Your answer should be the exact lines of the data below from the one containing "bounds, equals A" through the one containing "I1 \<Longrightarrow> cmod"; please include nothing else.
● ● ● ●
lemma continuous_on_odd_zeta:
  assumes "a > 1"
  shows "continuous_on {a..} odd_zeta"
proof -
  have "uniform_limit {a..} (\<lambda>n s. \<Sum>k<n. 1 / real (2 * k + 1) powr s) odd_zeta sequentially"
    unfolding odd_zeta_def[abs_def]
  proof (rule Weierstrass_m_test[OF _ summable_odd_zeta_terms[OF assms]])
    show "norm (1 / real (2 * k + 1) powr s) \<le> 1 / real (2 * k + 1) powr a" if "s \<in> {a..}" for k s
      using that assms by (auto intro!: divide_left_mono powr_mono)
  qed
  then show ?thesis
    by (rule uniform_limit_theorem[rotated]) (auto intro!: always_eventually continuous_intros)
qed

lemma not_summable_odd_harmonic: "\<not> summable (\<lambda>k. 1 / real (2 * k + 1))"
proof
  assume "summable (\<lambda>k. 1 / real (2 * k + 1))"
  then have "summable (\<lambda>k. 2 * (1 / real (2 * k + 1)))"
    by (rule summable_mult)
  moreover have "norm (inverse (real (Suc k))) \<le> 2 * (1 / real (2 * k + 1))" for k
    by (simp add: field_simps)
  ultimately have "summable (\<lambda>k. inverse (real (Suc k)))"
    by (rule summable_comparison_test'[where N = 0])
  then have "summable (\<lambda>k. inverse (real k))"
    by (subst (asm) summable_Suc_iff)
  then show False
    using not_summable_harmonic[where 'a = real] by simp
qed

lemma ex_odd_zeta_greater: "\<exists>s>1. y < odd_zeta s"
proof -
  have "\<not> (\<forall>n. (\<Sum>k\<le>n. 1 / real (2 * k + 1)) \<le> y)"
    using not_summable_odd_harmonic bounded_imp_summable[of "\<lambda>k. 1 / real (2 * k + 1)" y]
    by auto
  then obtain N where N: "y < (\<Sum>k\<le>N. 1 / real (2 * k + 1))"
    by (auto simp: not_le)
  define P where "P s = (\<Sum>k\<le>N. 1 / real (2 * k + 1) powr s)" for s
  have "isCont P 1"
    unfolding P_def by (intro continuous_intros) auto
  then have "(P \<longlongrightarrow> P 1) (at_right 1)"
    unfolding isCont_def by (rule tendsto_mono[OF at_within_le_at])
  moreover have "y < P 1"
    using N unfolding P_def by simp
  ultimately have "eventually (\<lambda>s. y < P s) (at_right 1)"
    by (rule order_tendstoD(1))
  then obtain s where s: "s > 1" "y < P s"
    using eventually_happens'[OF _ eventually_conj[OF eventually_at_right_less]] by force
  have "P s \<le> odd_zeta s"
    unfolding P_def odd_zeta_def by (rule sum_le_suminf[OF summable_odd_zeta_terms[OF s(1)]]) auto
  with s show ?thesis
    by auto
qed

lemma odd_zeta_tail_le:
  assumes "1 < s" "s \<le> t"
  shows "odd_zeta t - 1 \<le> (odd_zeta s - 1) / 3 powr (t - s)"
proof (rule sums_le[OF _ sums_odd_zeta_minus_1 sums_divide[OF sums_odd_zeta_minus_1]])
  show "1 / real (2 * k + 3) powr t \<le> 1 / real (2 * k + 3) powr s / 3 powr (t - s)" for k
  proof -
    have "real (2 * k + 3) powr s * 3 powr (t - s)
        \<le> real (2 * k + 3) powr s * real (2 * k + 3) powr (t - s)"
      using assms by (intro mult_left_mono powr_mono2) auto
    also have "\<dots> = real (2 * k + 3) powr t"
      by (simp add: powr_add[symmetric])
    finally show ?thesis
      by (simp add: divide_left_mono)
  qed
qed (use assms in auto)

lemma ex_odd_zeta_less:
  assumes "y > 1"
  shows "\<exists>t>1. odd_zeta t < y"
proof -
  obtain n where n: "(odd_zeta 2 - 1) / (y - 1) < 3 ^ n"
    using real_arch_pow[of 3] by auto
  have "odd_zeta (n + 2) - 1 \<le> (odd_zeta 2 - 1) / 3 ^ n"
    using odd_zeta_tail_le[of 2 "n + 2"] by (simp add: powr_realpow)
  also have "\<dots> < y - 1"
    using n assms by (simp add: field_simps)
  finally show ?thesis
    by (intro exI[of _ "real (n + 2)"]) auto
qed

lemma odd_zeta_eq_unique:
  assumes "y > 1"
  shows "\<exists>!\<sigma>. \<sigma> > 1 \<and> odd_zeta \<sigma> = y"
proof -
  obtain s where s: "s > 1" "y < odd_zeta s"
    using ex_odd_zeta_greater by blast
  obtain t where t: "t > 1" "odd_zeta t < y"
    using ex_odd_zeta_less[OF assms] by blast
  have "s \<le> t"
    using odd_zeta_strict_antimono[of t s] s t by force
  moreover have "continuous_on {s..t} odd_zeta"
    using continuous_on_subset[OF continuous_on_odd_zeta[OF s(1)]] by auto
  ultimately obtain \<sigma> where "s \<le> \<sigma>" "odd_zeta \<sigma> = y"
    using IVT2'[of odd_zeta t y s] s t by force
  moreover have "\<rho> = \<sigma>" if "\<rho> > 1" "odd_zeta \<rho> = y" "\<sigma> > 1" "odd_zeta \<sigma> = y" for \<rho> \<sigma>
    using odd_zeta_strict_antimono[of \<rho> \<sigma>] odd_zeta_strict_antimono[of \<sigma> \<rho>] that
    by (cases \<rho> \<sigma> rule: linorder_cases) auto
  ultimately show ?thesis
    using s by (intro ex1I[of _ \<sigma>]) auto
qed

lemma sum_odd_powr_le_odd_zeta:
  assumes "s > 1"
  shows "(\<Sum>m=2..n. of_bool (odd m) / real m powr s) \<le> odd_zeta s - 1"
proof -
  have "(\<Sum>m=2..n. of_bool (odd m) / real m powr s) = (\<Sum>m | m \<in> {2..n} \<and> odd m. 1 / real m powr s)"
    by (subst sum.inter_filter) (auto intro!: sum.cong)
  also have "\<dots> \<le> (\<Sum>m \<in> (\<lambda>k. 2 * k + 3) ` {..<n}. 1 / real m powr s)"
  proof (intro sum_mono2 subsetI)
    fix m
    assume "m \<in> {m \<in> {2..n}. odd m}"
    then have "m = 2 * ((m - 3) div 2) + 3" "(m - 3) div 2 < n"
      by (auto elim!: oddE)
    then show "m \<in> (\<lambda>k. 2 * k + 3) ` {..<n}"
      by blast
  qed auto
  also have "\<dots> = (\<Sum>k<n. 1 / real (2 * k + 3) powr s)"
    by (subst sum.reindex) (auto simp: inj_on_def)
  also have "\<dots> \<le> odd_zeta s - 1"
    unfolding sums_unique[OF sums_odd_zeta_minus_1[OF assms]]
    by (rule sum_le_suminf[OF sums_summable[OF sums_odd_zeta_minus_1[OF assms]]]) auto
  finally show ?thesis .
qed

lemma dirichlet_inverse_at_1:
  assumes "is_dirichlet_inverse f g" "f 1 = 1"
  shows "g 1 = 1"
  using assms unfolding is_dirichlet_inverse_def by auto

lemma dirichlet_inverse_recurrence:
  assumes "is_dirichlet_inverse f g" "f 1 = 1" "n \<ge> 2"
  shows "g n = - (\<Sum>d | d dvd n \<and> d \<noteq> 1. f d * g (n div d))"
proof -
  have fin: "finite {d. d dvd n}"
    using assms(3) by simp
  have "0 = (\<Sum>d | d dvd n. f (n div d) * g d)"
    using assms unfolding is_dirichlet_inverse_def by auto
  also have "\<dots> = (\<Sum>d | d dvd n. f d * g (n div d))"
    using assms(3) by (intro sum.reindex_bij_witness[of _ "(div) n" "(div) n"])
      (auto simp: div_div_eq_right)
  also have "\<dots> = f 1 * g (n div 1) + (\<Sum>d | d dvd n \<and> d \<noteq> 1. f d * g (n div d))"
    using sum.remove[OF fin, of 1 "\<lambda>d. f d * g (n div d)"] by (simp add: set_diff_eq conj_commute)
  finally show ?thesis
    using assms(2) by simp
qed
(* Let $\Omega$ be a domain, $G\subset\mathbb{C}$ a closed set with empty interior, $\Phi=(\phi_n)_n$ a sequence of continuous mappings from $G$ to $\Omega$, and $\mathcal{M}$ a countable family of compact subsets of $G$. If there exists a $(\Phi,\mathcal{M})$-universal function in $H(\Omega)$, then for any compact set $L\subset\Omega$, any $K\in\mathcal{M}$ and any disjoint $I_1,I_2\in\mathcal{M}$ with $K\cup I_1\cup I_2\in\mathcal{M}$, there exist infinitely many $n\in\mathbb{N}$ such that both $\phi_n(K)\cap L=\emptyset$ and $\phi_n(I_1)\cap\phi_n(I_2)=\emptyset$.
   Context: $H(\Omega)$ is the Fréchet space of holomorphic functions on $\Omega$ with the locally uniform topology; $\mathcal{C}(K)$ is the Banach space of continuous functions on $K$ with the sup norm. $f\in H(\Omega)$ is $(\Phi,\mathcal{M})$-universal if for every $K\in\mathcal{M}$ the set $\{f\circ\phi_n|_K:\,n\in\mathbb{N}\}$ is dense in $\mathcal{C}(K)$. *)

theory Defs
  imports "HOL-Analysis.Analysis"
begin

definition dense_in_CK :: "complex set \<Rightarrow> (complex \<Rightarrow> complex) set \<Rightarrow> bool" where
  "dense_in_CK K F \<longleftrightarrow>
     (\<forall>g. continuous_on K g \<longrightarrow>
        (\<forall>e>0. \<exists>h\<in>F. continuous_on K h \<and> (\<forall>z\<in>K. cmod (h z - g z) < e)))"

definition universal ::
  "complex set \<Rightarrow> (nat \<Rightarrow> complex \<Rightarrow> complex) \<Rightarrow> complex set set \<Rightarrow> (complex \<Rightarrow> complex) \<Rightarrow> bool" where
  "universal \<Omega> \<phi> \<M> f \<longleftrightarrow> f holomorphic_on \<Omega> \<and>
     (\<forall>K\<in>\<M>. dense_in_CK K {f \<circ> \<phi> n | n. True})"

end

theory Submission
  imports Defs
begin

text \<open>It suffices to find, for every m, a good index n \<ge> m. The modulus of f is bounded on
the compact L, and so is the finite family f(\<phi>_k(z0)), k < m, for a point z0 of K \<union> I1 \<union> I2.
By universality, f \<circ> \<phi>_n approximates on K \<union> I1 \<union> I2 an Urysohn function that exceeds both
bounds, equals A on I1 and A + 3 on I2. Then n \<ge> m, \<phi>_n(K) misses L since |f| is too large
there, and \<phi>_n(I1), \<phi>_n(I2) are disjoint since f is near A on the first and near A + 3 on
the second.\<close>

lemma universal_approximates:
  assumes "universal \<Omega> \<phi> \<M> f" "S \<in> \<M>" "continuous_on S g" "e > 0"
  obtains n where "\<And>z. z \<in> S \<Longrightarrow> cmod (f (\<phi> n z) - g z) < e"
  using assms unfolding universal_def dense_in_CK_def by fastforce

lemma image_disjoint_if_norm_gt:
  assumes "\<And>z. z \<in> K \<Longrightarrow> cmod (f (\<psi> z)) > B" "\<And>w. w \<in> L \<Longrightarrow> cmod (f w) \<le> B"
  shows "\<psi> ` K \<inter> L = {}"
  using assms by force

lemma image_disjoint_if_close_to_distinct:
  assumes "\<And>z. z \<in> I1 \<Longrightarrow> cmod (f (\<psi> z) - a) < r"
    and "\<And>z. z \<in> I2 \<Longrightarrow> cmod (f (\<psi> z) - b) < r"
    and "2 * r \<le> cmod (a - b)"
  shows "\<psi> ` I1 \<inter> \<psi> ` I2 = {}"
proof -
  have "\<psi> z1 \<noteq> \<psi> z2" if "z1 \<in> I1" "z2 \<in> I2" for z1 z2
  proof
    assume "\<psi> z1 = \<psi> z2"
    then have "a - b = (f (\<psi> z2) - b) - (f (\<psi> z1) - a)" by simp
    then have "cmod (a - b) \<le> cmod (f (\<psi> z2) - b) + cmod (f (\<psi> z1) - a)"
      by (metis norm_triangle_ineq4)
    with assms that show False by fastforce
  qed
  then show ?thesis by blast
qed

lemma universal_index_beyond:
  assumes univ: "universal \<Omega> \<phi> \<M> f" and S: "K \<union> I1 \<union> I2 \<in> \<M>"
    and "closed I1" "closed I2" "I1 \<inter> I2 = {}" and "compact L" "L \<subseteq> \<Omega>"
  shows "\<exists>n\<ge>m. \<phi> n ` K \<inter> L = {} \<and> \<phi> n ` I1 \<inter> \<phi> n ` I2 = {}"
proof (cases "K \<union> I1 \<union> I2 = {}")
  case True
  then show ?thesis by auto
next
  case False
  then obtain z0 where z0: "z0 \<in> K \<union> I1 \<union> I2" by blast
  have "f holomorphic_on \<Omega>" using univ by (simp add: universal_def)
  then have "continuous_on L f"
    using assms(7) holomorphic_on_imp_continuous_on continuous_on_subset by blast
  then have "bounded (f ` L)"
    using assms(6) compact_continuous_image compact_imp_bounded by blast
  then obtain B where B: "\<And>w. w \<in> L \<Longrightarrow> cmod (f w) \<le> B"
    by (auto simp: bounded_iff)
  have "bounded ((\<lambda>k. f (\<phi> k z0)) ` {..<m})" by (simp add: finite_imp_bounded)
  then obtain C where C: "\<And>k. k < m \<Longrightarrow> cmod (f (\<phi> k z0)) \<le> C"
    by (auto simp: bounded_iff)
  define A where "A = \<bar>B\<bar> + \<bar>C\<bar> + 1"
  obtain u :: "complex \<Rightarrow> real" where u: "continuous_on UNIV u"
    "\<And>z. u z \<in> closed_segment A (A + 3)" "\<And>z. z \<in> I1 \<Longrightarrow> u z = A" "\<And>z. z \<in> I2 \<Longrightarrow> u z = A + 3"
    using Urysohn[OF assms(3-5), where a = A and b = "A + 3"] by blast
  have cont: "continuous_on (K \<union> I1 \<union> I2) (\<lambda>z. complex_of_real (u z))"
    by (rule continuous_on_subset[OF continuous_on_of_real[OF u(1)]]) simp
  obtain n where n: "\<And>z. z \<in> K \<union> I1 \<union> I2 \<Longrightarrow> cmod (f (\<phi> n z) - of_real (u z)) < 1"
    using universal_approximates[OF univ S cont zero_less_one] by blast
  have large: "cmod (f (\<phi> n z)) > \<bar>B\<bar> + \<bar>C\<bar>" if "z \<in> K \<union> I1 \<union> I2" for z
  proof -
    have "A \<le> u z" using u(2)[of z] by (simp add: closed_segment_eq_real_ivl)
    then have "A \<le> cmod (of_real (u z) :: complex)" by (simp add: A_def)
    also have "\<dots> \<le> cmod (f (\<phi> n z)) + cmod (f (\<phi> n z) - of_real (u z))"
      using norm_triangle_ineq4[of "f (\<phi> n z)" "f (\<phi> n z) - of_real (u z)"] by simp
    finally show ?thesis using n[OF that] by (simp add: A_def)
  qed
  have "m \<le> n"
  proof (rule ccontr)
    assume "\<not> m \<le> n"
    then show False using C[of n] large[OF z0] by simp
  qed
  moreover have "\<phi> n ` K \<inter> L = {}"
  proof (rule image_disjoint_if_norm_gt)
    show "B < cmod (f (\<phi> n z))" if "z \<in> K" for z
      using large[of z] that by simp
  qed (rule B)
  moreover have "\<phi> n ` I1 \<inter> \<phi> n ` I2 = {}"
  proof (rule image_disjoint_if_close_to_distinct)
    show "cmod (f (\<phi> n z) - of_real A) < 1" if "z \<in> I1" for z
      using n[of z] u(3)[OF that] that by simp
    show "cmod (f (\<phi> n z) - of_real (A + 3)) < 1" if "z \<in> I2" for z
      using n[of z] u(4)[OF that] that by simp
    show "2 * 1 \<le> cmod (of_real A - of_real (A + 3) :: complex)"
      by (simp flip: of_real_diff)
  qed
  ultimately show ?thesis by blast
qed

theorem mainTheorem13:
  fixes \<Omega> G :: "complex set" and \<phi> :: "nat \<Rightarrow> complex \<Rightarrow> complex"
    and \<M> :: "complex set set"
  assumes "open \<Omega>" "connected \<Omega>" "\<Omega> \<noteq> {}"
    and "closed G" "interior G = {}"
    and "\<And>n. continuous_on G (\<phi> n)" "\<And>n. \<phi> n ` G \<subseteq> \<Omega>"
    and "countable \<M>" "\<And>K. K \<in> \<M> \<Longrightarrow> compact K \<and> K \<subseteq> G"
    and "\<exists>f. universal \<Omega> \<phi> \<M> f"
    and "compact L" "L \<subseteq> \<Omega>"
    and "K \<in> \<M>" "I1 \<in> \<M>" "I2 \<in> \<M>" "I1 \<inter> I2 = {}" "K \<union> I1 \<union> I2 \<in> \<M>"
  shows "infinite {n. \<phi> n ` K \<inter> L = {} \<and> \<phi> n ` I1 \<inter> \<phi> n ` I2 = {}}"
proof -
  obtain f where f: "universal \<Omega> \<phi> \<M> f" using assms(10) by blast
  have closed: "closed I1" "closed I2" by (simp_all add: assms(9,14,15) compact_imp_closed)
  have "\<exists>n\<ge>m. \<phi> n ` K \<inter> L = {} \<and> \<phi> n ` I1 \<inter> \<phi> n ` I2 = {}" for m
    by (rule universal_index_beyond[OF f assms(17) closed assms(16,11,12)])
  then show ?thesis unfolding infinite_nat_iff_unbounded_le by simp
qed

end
● ● ● ●
* Solution for this problem:
bounds, equals A on I1 and A + 3 on I2. Then n \<ge> m, \<phi>_n(K) misses L since |f| is too large
there, and \<phi>_n(I1), \<phi>_n(I2) are disjoint since f is near A on the first and near A + 3 on
the second.\<close>

lemma universal_approximates:
  assumes "universal \<Omega> \<phi> \<M> f" "S \<in> \<M>" "continuous_on S g" "e > 0"
  obtains n where "\<And>z. z \<in> S \<Longrightarrow> cmod (f (\<phi> n z) - g z) < e"
  using assms unfolding universal_def dense_in_CK_def by fastforce

lemma image_disjoint_if_norm_gt:
  assumes "\<And>z. z \<in> K \<Longrightarrow> cmod (f (\<psi> z)) > B" "\<And>w. w \<in> L \<Longrightarrow> cmod (f w) \<le> B"
  shows "\<psi> ` K \<inter> L = {}"
  using assms by force

lemma image_disjoint_if_close_to_distinct:
  assumes "\<And>z. z \<in> I1 \<Longrightarrow> cmod (f (\<psi> z) - a) < r"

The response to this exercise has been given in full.